WORK ITEM
Copy out each line below that has the word "unfolding" in it.

-- DATA FOR PROCESSING follows --

text \<open>Both terms lie within \<open>ln d\<close> below the largest component of \<open>x\<close>.\<close>
lemma lme_perspective_close:
  fixes x :: "real ^ 'n"
  assumes "0 < z" "z \<le> 1"
  shows "\<bar>z * lme ((1 / z) *\<^sub>R x) - lme x\<bar> \<le> ln (real CARD('n))"
proof -
  obtain m where m: "\<And>j. x $ j \<le> x $ m"
  proof -
    have "Max (range (($) x)) \<in> range (($) x)"
      by (intro Max_in) auto
    then obtain m where "Max (range (($) x)) = x $ m"
      by blast
    moreover have "x $ j \<le> Max (range (($) x))" for j
      by (intro Max_ge) auto
    ultimately show thesis
      using that by metis
  qed
  have "lme x \<le> x $ m" "x $ m - ln (real CARD('n)) \<le> lme x"
    using m by (auto intro: lme_le component_le_lme)
  moreover have "lme ((1 / z) *\<^sub>R x) \<le> x $ m / z"
    using m assms by (intro lme_le) (simp add: divide_right_mono)
  moreover have "x $ m / z - ln (real CARD('n)) \<le> lme ((1 / z) *\<^sub>R x)"
    using component_le_lme[of "(1 / z) *\<^sub>R x" m] by simp
  ultimately have "z * lme ((1 / z) *\<^sub>R x) \<le> x $ m"
      "x $ m - z * ln (real CARD('n)) \<le> z * lme ((1 / z) *\<^sub>R x)"
    using assms by (simp_all add: pos_le_divide_eq pos_divide_le_eq algebra_simps)
  moreover have "z * ln (real CARD('n)) \<le> ln (real CARD('n))"
    using assms by (simp add: mult_left_le_one_le)
  ultimately show ?thesis
    using \<open>lme x \<le> x $ m\<close> \<open>x $ m - ln (real CARD('n)) \<le> lme x\<close> by linarith
qed

definition interp_slope :: "(real ^ 'n \<Rightarrow> real) \<Rightarrow> real ^ 'n \<Rightarrow> real \<Rightarrow> real ^ 'n" where
  "interp_slope f v0 u = (\<chi> j. (f (v0 + u *\<^sub>R axis j 1) - f v0) / u)"

lemma affine_interp_eq:
  assumes "u \<noteq> 0"
  shows "affine_interp f v0 u = (\<lambda>x. interp_slope f v0 u \<bullet> (x - v0) + f v0)"
  unfolding affine_interp_def
proof (rule the_equality)
  let ?a = "interp_slope f v0 u"
  have "(\<lambda>x. ?a \<bullet> (x - v0) + f v0) = (\<lambda>x. ?a \<bullet> x + (f v0 - ?a \<bullet> v0))"
    by (simp add: fun_eq_iff inner_diff_right)
  moreover have "?a \<bullet> (v0 + u *\<^sub>R axis j 1 - v0) + f v0 = f (v0 + u *\<^sub>R axis j 1)" for j
    using assms by (simp add: inner_axis interp_slope_def)
  ultimately show "(\<exists>a b. (\<lambda>x. ?a \<bullet> (x - v0) + f v0) = (\<lambda>x. a \<bullet> x + b)) \<and>
      ?a \<bullet> (v0 - v0) + f v0 = f v0 \<and>
      (\<forall>j. ?a \<bullet> (v0 + u *\<^sub>R axis j 1 - v0) + f v0 = f (v0 + u *\<^sub>R axis j 1))"
    by auto
next
  fix g
  assume "(\<exists>a b. g = (\<lambda>x. a \<bullet> x + b)) \<and> g v0 = f v0 \<and>
      (\<forall>j. g (v0 + u *\<^sub>R axis j 1) = f (v0 + u *\<^sub>R axis j 1))"
  then obtain a b where g: "g = (\<lambda>x. a \<bullet> x + b)" and g0: "a \<bullet> v0 + b = f v0"
    and gj: "\<And>j. a \<bullet> (v0 + u *\<^sub>R axis j 1) + b = f (v0 + u *\<^sub>R axis j 1)"
    by auto
  have "a $ j = interp_slope f v0 u $ j" for j
    using gj[of j] g0 assms by (auto simp: inner_add_right inner_axis interp_slope_def field_simps)
  then have "a = interp_slope f v0 u"
    by (simp add: vec_eq_iff)
  then show "g = (\<lambda>x. interp_slope f v0 u \<bullet> (x - v0) + f v0)"
    using g g0 by (auto simp: inner_diff_right)
qed

lemma homog_affine_interp:
  assumes "u \<noteq> 0"
  shows "homog (affine_interp f v0 u) x z = interp_slope f v0 u \<bullet> (x - z *\<^sub>R v0) + z * f v0"
  using assms by (simp add: affine_interp_eq homog_def inner_diff_right algebra_simps)

lemma mem_scaleset_simplexJ_iff:
  fixes v0 x :: "real ^ 'n"
  assumes u: "0 < u" and z: "0 \<le> z"
  shows "x \<in> scaleset z (simplexJ v0 u) \<longleftrightarrow>
    (\<forall>j. z * v0 $ j \<le> x $ j) \<and> (\<Sum>j\<in>UNIV. x $ j - z * v0 $ j) \<le> z * u"
proof
  assume "x \<in> scaleset z (simplexJ v0 u)"
  then obtain w where w: "w \<in> std_simplex" and x: "x = z *\<^sub>R (v0 + u *\<^sub>R w)"
    by (auto simp: scaleset_def simplexJ_def)
  have e: "x $ j - z * v0 $ j = z * u * w $ j" for j
    using x by (simp add: algebra_simps)
  have "(\<Sum>j\<in>UNIV. x $ j - z * v0 $ j) = z * u * (\<Sum>j\<in>UNIV. w $ j)"
    by (simp add: e sum_distrib_left)
  also have "\<dots> \<le> z * u"
    using w u z by (intro mult_left_le) (auto simp: std_simplex_def)
  finally show "(\<forall>j. z * v0 $ j \<le> x $ j) \<and> (\<Sum>j\<in>UNIV. x $ j - z * v0 $ j) \<le> z * u"
    using e w u z by (auto simp: std_simplex_def) (metis diff_ge_0_iff_ge mult_nonneg_nonneg less_imp_le)
next
  assume h: "(\<forall>j. z * v0 $ j \<le> x $ j) \<and> (\<Sum>j\<in>UNIV. x $ j - z * v0 $ j) \<le> z * u"
  show "x \<in> scaleset z (simplexJ v0 u)"
  proof (cases "z = 0")
    case True
    with h have "\<forall>j\<in>UNIV. x $ j = 0"
      by (subst sum_nonneg_eq_0_iff[symmetric]) (auto intro: order.antisym sum_nonneg)
    then have "x = 0 *\<^sub>R (v0 + u *\<^sub>R 0)"
      by (simp add: vec_eq_iff)
    moreover have "(0 :: real ^ 'n) \<in> std_simplex"
      by (simp add: std_simplex_def)
    ultimately show ?thesis
      using True unfolding scaleset_def simplexJ_def by blast
  next
    case False
    with z have zp: "0 < z" by simp
    define w where "w = (1 / (z * u)) *\<^sub>R (x - z *\<^sub>R v0)"
    have wj: "w $ j = (x $ j - z * v0 $ j) / (z * u)" for j
      by (simp add: w_def)
    have "(\<Sum>j\<in>UNIV. w $ j) = (\<Sum>j\<in>UNIV. x $ j - z * v0 $ j) / (z * u)"
      by (simp add: wj sum_divide_distrib)
    then have "w \<in> std_simplex"
      using h zp u by (simp add: std_simplex_def wj divide_le_eq_1)
    moreover have "x = z *\<^sub>R (v0 + u *\<^sub>R w)"
      using zp u by (simp add: vec_eq_iff wj field_simps)
    ultimately show ?thesis
      unfolding scaleset_def simplexJ_def by blast
  qed
qed

lemma scaleset_zero_eq: "x \<in> scaleset 0 J \<Longrightarrow> x = 0"
  by (auto simp: scaleset_def)

lemma scaleset_subset_convex:
  assumes "convex C" "0 \<in> C" "J \<subseteq> C" "0 \<le> z" "z \<le> 1"
  shows "scaleset z J \<subseteq> C"
proof
  fix x
  assume "x \<in> scaleset z J"
  then obtain w where "w \<in> C" "x = z *\<^sub>R w"
    using assms(3) by (auto simp: scaleset_def)
  then show "x \<in> C"
    using convexD[OF assms(1,2) \<open>w \<in> C\<close>, of "1 - z" z] assms(4,5) by simp
qed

-- DATA FOR PROCESSING concluded --

COMPLETED EXERCISE
  unfolding affine_interp_def
      using True unfolding scaleset_def simplexJ_def by blast
      unfolding scaleset_def simplexJ_def by blast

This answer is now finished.